EXTRACTED MATERIAL:
lemma inj_on_map_sum_Inl_Inr:
  assumes "inj_on f A" "inj_on g B"
  shows "inj_on (map_sum f g) (Inl ` A \<union> Inr ` B)"
proof (rule inj_onI)
  fix x y assume "x \<in> Inl ` A \<union> Inr ` B" "y \<in> Inl ` A \<union> Inr ` B" "map_sum f g x = map_sum f g y"
  then show "x = y" using assms by (auto dest: inj_onD)
qed

lemma map_sum_image_Inl_Inr: "map_sum f g ` (Inl ` A \<union> Inr ` B) = Inl ` f ` A \<union> Inr ` g ` B"
  by (simp add: image_Un image_comp comp_def)

locale graph_isomorphism =
  fixes X :: "('a, 'b) graph" and Y :: "('c, 'd) graph" and \<phi> :: "'a \<Rightarrow> 'c" and \<psi> :: "'b \<Rightarrow> 'd"
  assumes iso: "iso_via X Y \<phi> \<psi>" and wf: "wf_graph X"
begin

lemma inj_on_verts: "inj_on \<phi> (verts X)" and image_verts: "\<phi> ` verts X = verts Y"
  and inj_on_edges: "inj_on \<psi> (edges X)" and image_edges: "\<psi> ` edges X = edges Y"
  and src_map: "\<And>e. e \<in> edges X \<Longrightarrow> src Y (\<psi> e) = \<phi> (src X e)"
  and rng_map: "\<And>e. e \<in> edges X \<Longrightarrow> rng Y (\<psi> e) = \<phi> (rng X e)"
  using iso unfolding iso_via_def bij_betw_def by auto

lemma src_map_eq_iff: "e \<in> edges X \<Longrightarrow> v \<in> verts X \<Longrightarrow> src Y (\<psi> e) = \<phi> v \<longleftrightarrow> src X e = v"
  and rng_map_eq_iff: "e \<in> edges X \<Longrightarrow> v \<in> verts X \<Longrightarrow> rng Y (\<psi> e) = \<phi> v \<longleftrightarrow> rng X e = v"
  using wf src_map rng_map inj_on_verts unfolding wf_graph_def inj_on_def by metis+

lemma out_edges_map: "v \<in> verts X \<Longrightarrow> out_edges Y (\<phi> v) = \<psi> ` out_edges X v"
  and in_edges_map: "v \<in> verts X \<Longrightarrow> in_edges Y (\<phi> v) = \<psi> ` in_edges X v"
  unfolding out_edges_def in_edges_def using src_map_eq_iff rng_map_eq_iff
  by (auto simp flip: image_edges)

lemma inj_on_out_edges: "inj_on \<psi> (out_edges X v)"
  using inj_on_edges by (auto simp: out_edges_def intro: inj_on_subset)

TASK INSTRUCTIONS: All of the material, start to finish, should be retyped exactly.

WRITTEN SOLUTION:
lemma inj_on_map_sum_Inl_Inr:
  assumes "inj_on f A" "inj_on g B"
  shows "inj_on (map_sum f g) (Inl ` A \<union> Inr ` B)"
proof (rule inj_onI)
  fix x y assume "x \<in> Inl ` A \<union> Inr ` B" "y \<in> Inl ` A \<union> Inr ` B" "map_sum f g x = map_sum f g y"
  then show "x = y" using assms by (auto dest: inj_onD)
qed

lemma map_sum_image_Inl_Inr: "map_sum f g ` (Inl ` A \<union> Inr ` B) = Inl ` f ` A \<union> Inr ` g ` B"
  by (simp add: image_Un image_comp comp_def)

locale graph_isomorphism =
  fixes X :: "('a, 'b) graph" and Y :: "('c, 'd) graph" and \<phi> :: "'a \<Rightarrow> 'c" and \<psi> :: "'b \<Rightarrow> 'd"
  assumes iso: "iso_via X Y \<phi> \<psi>" and wf: "wf_graph X"
begin

lemma inj_on_verts: "inj_on \<phi> (verts X)" and image_verts: "\<phi> ` verts X = verts Y"
  and inj_on_edges: "inj_on \<psi> (edges X)" and image_edges: "\<psi> ` edges X = edges Y"
  and src_map: "\<And>e. e \<in> edges X \<Longrightarrow> src Y (\<psi> e) = \<phi> (src X e)"
  and rng_map: "\<And>e. e \<in> edges X \<Longrightarrow> rng Y (\<psi> e) = \<phi> (rng X e)"
  using iso unfolding iso_via_def bij_betw_def by auto

lemma src_map_eq_iff: "e \<in> edges X \<Longrightarrow> v \<in> verts X \<Longrightarrow> src Y (\<psi> e) = \<phi> v \<longleftrightarrow> src X e = v"
  and rng_map_eq_iff: "e \<in> edges X \<Longrightarrow> v \<in> verts X \<Longrightarrow> rng Y (\<psi> e) = \<phi> v \<longleftrightarrow> rng X e = v"
  using wf src_map rng_map inj_on_verts unfolding wf_graph_def inj_on_def by metis+

lemma out_edges_map: "v \<in> verts X \<Longrightarrow> out_edges Y (\<phi> v) = \<psi> ` out_edges X v"
  and in_edges_map: "v \<in> verts X \<Longrightarrow> in_edges Y (\<phi> v) = \<psi> ` in_edges X v"
  unfolding out_edges_def in_edges_def using src_map_eq_iff rng_map_eq_iff
  by (auto simp flip: image_edges)

lemma inj_on_out_edges: "inj_on \<psi> (out_edges X v)"
  using inj_on_edges by (auto simp: out_edges_def intro: inj_on_subset)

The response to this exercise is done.